* _Source information_
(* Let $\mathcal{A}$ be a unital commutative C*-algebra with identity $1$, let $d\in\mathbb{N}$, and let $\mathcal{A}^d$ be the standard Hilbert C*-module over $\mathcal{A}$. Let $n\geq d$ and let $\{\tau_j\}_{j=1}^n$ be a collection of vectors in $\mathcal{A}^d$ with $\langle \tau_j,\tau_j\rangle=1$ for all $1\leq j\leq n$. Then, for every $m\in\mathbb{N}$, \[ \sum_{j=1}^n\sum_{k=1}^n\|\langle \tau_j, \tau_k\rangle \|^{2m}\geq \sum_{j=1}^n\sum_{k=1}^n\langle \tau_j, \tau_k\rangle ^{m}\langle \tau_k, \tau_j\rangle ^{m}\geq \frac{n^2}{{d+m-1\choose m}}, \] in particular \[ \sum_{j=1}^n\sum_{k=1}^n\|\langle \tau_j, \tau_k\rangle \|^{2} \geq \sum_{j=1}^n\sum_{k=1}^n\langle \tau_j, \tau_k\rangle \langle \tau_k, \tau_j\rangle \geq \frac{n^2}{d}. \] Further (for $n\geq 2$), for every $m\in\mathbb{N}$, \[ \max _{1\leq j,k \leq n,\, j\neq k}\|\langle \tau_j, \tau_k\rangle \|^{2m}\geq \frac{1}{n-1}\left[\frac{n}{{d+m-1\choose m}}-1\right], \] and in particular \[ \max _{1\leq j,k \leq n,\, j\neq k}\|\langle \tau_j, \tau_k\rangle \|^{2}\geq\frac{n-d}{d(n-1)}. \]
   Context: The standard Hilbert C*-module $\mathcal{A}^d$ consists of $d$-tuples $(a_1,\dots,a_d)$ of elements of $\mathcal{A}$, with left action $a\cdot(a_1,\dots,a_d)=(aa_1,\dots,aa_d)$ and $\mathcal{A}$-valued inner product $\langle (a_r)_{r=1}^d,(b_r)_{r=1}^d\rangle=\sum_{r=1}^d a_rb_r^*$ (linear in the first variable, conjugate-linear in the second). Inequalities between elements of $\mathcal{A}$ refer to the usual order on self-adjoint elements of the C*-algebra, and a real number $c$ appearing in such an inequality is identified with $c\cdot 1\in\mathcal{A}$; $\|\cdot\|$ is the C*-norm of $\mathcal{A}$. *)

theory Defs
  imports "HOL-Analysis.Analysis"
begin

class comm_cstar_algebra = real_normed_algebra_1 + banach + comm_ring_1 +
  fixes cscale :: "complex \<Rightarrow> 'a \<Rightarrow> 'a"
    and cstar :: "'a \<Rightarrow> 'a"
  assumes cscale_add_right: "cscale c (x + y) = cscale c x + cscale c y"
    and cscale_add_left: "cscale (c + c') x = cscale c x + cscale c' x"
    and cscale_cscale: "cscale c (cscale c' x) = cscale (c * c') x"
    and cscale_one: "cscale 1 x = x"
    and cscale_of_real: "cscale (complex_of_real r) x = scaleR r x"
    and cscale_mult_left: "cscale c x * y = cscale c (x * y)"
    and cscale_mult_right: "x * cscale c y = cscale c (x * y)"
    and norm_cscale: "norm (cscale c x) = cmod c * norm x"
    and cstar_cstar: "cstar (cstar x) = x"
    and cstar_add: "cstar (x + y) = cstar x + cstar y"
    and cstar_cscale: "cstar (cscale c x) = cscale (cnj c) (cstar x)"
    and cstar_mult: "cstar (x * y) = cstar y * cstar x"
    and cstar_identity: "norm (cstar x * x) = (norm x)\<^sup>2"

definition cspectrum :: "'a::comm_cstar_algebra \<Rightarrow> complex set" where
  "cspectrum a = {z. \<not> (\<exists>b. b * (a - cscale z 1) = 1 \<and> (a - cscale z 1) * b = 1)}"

==

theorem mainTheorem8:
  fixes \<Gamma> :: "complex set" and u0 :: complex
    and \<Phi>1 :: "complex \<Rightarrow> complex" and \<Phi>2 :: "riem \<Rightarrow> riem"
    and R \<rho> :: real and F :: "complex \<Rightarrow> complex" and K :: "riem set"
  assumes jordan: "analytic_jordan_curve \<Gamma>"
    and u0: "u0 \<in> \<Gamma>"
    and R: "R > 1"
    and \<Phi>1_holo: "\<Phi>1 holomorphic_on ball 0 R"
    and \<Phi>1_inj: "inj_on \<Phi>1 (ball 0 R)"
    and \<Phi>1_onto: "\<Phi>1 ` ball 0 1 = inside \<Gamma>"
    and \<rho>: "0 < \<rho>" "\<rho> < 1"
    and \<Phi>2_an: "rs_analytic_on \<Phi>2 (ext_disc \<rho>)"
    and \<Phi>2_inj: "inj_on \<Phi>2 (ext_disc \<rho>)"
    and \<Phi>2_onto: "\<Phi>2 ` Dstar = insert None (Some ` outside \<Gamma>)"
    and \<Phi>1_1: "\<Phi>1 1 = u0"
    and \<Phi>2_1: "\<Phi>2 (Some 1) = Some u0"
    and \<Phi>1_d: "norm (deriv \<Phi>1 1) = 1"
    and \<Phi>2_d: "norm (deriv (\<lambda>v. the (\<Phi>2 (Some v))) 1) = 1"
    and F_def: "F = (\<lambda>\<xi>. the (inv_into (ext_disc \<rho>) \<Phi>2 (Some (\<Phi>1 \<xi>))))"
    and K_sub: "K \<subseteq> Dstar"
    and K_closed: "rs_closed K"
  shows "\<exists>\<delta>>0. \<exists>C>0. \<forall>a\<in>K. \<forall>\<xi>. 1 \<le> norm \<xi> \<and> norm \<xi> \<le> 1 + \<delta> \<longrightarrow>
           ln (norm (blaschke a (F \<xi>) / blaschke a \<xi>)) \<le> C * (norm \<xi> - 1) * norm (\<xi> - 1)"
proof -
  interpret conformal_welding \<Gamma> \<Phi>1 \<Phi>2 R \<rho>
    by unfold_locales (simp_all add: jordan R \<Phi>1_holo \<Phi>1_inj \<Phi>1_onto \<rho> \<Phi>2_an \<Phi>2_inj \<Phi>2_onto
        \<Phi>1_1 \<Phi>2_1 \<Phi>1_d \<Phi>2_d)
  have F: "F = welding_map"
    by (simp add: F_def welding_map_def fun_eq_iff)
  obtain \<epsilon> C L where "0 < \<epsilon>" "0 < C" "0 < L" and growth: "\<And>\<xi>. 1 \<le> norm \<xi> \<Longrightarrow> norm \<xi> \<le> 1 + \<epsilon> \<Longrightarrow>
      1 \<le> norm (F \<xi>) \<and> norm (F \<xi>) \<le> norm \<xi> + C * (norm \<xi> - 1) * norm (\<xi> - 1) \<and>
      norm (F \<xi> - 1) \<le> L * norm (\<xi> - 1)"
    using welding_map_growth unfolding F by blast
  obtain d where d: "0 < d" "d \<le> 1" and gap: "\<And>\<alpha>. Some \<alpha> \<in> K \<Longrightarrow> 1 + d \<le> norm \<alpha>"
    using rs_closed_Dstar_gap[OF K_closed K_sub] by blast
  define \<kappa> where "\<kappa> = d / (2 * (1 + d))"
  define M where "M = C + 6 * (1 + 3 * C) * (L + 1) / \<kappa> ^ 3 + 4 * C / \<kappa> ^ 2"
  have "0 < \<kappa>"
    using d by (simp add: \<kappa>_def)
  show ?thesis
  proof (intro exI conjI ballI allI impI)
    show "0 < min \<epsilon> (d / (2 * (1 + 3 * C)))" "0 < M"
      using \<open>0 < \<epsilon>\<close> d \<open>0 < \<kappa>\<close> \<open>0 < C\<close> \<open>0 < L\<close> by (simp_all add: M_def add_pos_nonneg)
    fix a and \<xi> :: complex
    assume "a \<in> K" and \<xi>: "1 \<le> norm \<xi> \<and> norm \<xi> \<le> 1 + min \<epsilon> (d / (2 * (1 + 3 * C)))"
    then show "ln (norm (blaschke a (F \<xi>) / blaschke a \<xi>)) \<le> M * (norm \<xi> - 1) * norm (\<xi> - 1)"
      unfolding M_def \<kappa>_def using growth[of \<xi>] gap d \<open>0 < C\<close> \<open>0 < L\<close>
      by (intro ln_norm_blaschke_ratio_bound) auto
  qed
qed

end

* _Work instruction_
The lines holding the string "cscale" in the listing above are what you should copy out.

* _Your solution_
  fixes cscale :: "complex \<Rightarrow> 'a \<Rightarrow> 'a"
  assumes cscale_add_right: "cscale c (x + y) = cscale c x + cscale c y"
    and cscale_add_left: "cscale (c + c') x = cscale c x + cscale c' x"
    and cscale_cscale: "cscale c (cscale c' x) = cscale (c * c') x"
    and cscale_one: "cscale 1 x = x"
    and cscale_of_real: "cscale (complex_of_real r) x = scaleR r x"
    and cscale_mult_left: "cscale c x * y = cscale c (x * y)"
    and cscale_mult_right: "x * cscale c y = cscale c (x * y)"
    and norm_cscale: "norm (cscale c x) = cmod c * norm x"
    and cstar_cscale: "cstar (cscale c x) = cscale (cnj c) (cstar x)"
  "cspectrum a = {z. \<not> (\<exists>b. b * (a - cscale z 1) = 1 \<and> (a - cscale z 1) * b = 1)}"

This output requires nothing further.